Robben Island deer going nowhere
The Robben Island Museum won’t accept any offers to relocate nearly 400 fallow deer‚ that are due to be culled‚ from the island to a sanctuary on the mainland.
At least two offers exist from “potential adoptees” with farms in Caledon and the Cederberg in the Western Cape‚ to house the animals after a culling operation to reduce the number of the alien species at the heritage site began this month.
Medical doctor Francois Greeff‚ who believed it was unfair to kill the animals “just because they are an exotic species”‚ said he had approximately 1‚000 hectares of land in the Cedeberg with enough vegetation and water to sustain the animals‚ which he had offered to RIM.
“I can recognise the sense in not allowing them to roam around the wild and possibly bastardise our indigenous antelope‚ but just to shoot [them] seems bloodthirsty to me‚” he said.

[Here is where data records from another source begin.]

(* (1) For every permutation $w\in S_k$ there is a sequence $\mathbf b=(b_1,\dots,b_{k-1})$ of non-negative integers with $\sum_i b_i=\ell(w)$ such that the coefficient of $v^{\mathbf b}$ in $R_w$ is non-zero. (2) For every matching sequence $\mathbf b=(b_1,\dots,b_{k-1})$ there is a permutation $w\in S_k$ with $\ell(w)=\sum_i b_i$ such that the coefficient of $v^{\mathbf b}$ in $R_w$ is non-zero.
   Context: Fix $k\ge 2$. Permutations $u\in S_k$ are written in one-line notation $u=(u(1),\dots,u(k))$. An inversion of $u$ is a pair of positions $(i,j)$ with $i<j$ and $u(i)>u(j)$; $\ell(u)$ is the number of inversions. For $1\le n<m\le k$ let $u\circ(n\,m)$ denote the permutation obtained from $u$ by swapping the entries in positions $n$ and $m$. We say $u'$ covers $u$ if $u'=u\circ(n\,m)$ for some $n<m$ and $\ell(u')=\ell(u)+1$; the weight of this cover is $v_n+v_{n+1}+\dots+v_{m-1}$. For $w\in S_k$, $R_w\in\mathbb Z[v_1,\dots,v_{k-1}]$ is the sum, over all chains $\mathrm{id}=u_0,u_1,\dots,u_{\ell(w)}=w$ in which each $u_{i+1}$ covers $u_i$, of the product of the weights of the covers $u_i\to u_{i+1}$. $v^{\mathbf b}=v_1^{b_1}\cdots v_{k-1}^{b_{k-1}}$. The bipartite graph $\mathcal B_{\mathbf b}$ has upper vertex class $U=\{(j,l):1\le j\le l\le k-1\}$ and lower vertex class $D_{\mathbf b}=\{(i,t):1\le i\le k-1,\ 1\le t\le b_i\}$, with an edge between $(j,l)\in U$ and $(i,t)\in D_{\mathbf b}$ if and only if $j\le i\le l$; $\mathbf b$ is a matching sequence if $\mathcal B_{\mathbf b}$ has a matching covering all of $D_{\mathbf b}$. *)

theory Defs
  imports Main "HOL-Library.Poly_Mapping" "HOL-Combinatorics.Transposition" "HOL-Combinatorics.Permutations"
begin

text \<open>Permutations of S_k are functions u :: nat => nat with u permutes {1..k};
  the one-line notation is (u 1, ..., u k).\<close>

definition inv_len :: "nat \<Rightarrow> (nat \<Rightarrow> nat) \<Rightarrow> nat" where
  "inv_len k u = card {(i, j). 1 \<le> i \<and> i < j \<and> j \<le> k \<and> u i > u j}"

definition swap_pos :: "(nat \<Rightarrow> nat) \<Rightarrow> nat \<Rightarrow> nat \<Rightarrow> (nat \<Rightarrow> nat)" where
  "swap_pos u n m = u \<circ> Transposition.transpose n m"

text \<open>Polynomials in Z[v_1,...,v_{k-1}]: finitely supported maps from exponent
  vectors (nat =>0 nat) to int coefficients; v_i is the monomial with exponent 1 at i.\<close>
type_synonym poly_v = "(nat \<Rightarrow>\<^sub>0 nat) \<Rightarrow>\<^sub>0 int"

definition var_v :: "nat \<Rightarrow> poly_v" where
  "var_v i = Poly_Mapping.single (Poly_Mapping.single i 1) 1"

definition cover_weight :: "nat \<times> nat \<Rightarrow> poly_v" where
  "cover_weight p = (\<Sum>i\<in>{fst p..<snd p}. var_v i)"

text \<open>A chain id = u_0, ..., u_r is encoded by the list of transposition positions
  (n_1,m_1), ..., (n_r,m_r) with n_j < m_j and u_j = u_{j-1} o (n_j m_j);
  the pair (n,m) is uniquely determined by (u_{j-1}, u_j).\<close>
definition chain_step :: "(nat \<times> nat) list \<Rightarrow> nat \<Rightarrow> (nat \<Rightarrow> nat)" where
  "chain_step ps j = foldl (\<lambda>u p. swap_pos u (fst p) (snd p)) id (take j ps)"

definition chains :: "nat \<Rightarrow> (nat \<Rightarrow> nat) \<Rightarrow> (nat \<times> nat) list set" where
  "chains k w = {ps. length ps = inv_len k w
      \<and> set ps \<subseteq> {(n, m). 1 \<le> n \<and> n < m \<and> m \<le> k}
      \<and> (\<forall>j < length ps. inv_len k (chain_step ps (Suc j)) = inv_len k (chain_step ps j) + 1)
      \<and> chain_step ps (length ps) = w}"

definition R_poly :: "nat \<Rightarrow> (nat \<Rightarrow> nat) \<Rightarrow> poly_v" where
  "R_poly k w = (\<Sum>ps\<in>chains k w. prod_list (map cover_weight ps))"

definition coeff_v :: "poly_v \<Rightarrow> (nat \<Rightarrow>\<^sub>0 nat) \<Rightarrow> int" where
  "coeff_v P b = Poly_Mapping.lookup P b"

definition exp_seq :: "nat \<Rightarrow> (nat \<Rightarrow>\<^sub>0 nat) \<Rightarrow> bool" where
  "exp_seq k b \<longleftrightarrow> Poly_Mapping.keys b \<subseteq> {1..k-1}"

definition upper_B :: "nat \<Rightarrow> (nat \<times> nat) set" where
  "upper_B k = {(j, l). 1 \<le> j \<and> j \<le> l \<and> l \<le> k - 1}"

definition lower_B :: "nat \<Rightarrow> (nat \<Rightarrow>\<^sub>0 nat) \<Rightarrow> (nat \<times> nat) set" where
  "lower_B k b = {(i, t). 1 \<le> i \<and> i \<le> k - 1 \<and> 1 \<le> t \<and> t \<le> Poly_Mapping.lookup b i}"

definition matching_seq :: "nat \<Rightarrow> (nat \<Rightarrow>\<^sub>0 nat) \<Rightarrow> bool" where
  "matching_seq k b \<longleftrightarrow> (\<exists>f. inj_on f (lower_B k b) \<and> f ` lower_B k b \<subseteq> upper_B k
      \<and> (\<forall>d\<in>lower_B k b. fst (f d) \<le> fst d \<and> fst d \<le> snd (f d)))"

end

theory Submission
  imports Defs
begin

(*
  Every chain contributes a product of cover weights, and these have nonnegative coefficients,
  so a single chain certifies a monomial of R_w. Sorting w by transpositions of adjacent values
  gives a chain whose covers are exactly the inversions (i, j) of w; picking from each cover
  weight v_i + ... + v_(j-1) one variable v_s with i <= s < j gives a monomial of R_w of degree
  l(w). For (1) pick s = i. For (2) take a matching of D_b of least total interval length: the
  set S of intervals [j, l] it uses is split-closed (if [a, l] is used then, for a <= m < l,
  so is [a, m] or [m + 1, l]). By induction on the number of letters, appending one entry at a
  time, such an S is realized by a permutation whose inversions (i', j') correspond bijectively
  to the intervals [j, l] in S with i' <= j and l < j'. Labelling each inversion by the row of
  the lower vertex matched to its interval produces exactly v^b.
*)

section \<open>Products of cover weights\<close>

lemma lookup_single_one_mult:
  fixes Q :: poly_v
  shows "Poly_Mapping.lookup (Poly_Mapping.single m 1 * Q) j = (\<Sum>q. Poly_Mapping.lookup Q q when j = m + q)"
proof -
  have "Poly_Mapping.lookup (Poly_Mapping.single m 1 * Q) j
      = (\<Sum>l. (1 when m = l) * (\<Sum>q. Poly_Mapping.lookup Q q when j = l + q))"
    by (simp add: lookup_mult lookup_single, intro Sum_any.cong) (auto simp: when_def)
  also have "\<dots> = (\<Sum>l. (\<Sum>q. Poly_Mapping.lookup Q q when j = l + q) when l = m)"
    by (intro Sum_any.cong) (auto simp: when_def)
  finally show ?thesis by simp
qed

lemma lookup_single_one_mult_add:
  fixes Q :: poly_v
  shows "Poly_Mapping.lookup (Poly_Mapping.single m 1 * Q) (m + j) = Poly_Mapping.lookup Q j"
proof -
  have "(\<Sum>q. Poly_Mapping.lookup Q q when m + j = m + q) = (\<Sum>q. Poly_Mapping.lookup Q q when q = j)"
    by (intro Sum_any.cong) (auto simp: when_def)
  then show ?thesis by (simp add: lookup_single_one_mult)
qed

definition nonneg_coeffs :: "poly_v \<Rightarrow> bool" where
  "nonneg_coeffs Q \<longleftrightarrow> (\<forall>j. Poly_Mapping.lookup Q j \<ge> 0)"

lemma nonneg_coeffs_single_one_mult:
  assumes "nonneg_coeffs Q"
  shows "nonneg_coeffs (Poly_Mapping.single m 1 * Q)"
  unfolding nonneg_coeffs_def
proof
  fix j
  show "Poly_Mapping.lookup (Poly_Mapping.single m 1 * Q) j \<ge> 0"
  proof (cases "\<exists>q. j = m + q")
    case True
    then show ?thesis using assms by (auto simp: lookup_single_one_mult_add nonneg_coeffs_def)
  next
    case False
    then have "(\<Sum>q. Poly_Mapping.lookup Q q when j = m + q) = 0"
      by (simp add: when_def)
    then show ?thesis by (simp add: lookup_single_one_mult)
  qed
qed

lemma nonneg_coeffs_cover_weight_mult:
  assumes "nonneg_coeffs Q"
  shows "nonneg_coeffs (cover_weight p * Q)"
  using nonneg_coeffs_single_one_mult[OF assms]
  unfolding nonneg_coeffs_def cover_weight_def var_v_def
  by (auto simp: sum_distrib_right lookup_sum intro!: sum_nonneg)

lemma lookup_cover_weight_mult_ge:
  assumes "nonneg_coeffs Q" "fst p \<le> i" "i < snd p"
  shows "Poly_Mapping.lookup (cover_weight p * Q) (Poly_Mapping.single i 1 + m) \<ge> Poly_Mapping.lookup Q m"
proof -
  have "Poly_Mapping.lookup Q m
      = Poly_Mapping.lookup (var_v i * Q) (Poly_Mapping.single i 1 + m)"
    by (simp add: var_v_def lookup_single_one_mult_add)
  also have "\<dots> \<le> (\<Sum>i'\<in>{fst p..<snd p}. Poly_Mapping.lookup (var_v i' * Q) (Poly_Mapping.single i 1 + m))"
    using assms nonneg_coeffs_single_one_mult
    by (intro member_le_sum) (auto simp: nonneg_coeffs_def var_v_def)
  also have "\<dots> = Poly_Mapping.lookup (cover_weight p * Q) (Poly_Mapping.single i 1 + m)"
    by (simp add: cover_weight_def sum_distrib_right lookup_sum)
  finally show ?thesis .
qed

But RIM spokesperson Bongiwe Nzeku said that relocating alien and invasive species was “not within the spirit of the National Environmental Management Biodiversity Act”‚ despite a public outcry over culling the deer and opposition from various animal rights groups.
“Plastic ingestions have also complicated any possibility of the deer being relocated‚” Nzeku said.
“Such an option is not only disruptive to endangered wildlife and un-targeted species‚ [but] it will be inhumane to the deer in the light of confirmed plastic ingestion information.”
Three fallow deer were first introduced to the island in 1963 with other animal species‚ to supplement food requirements for the Island's residents.
The herd of deer has since grown to 450 and for a second time a professional hunter has been brought in to reduce the number - this time to 50. So far 17 animals have been killed with the meat distributed to residents and correctional services.
Cicely Blumberg‚ founder of the Deer Rescue Alliance‚ a public interest group seeking an urgent interdict to prevent further culling on the island‚ said they would “do everything in our power” to have the deer moved to a place of safety.
“We are seeking a court interdict to prevent further killing of the animals‚” said Blumberg.
“We want to relocate them off the island and send them to a sanctuary where they can live out their lives in peace.”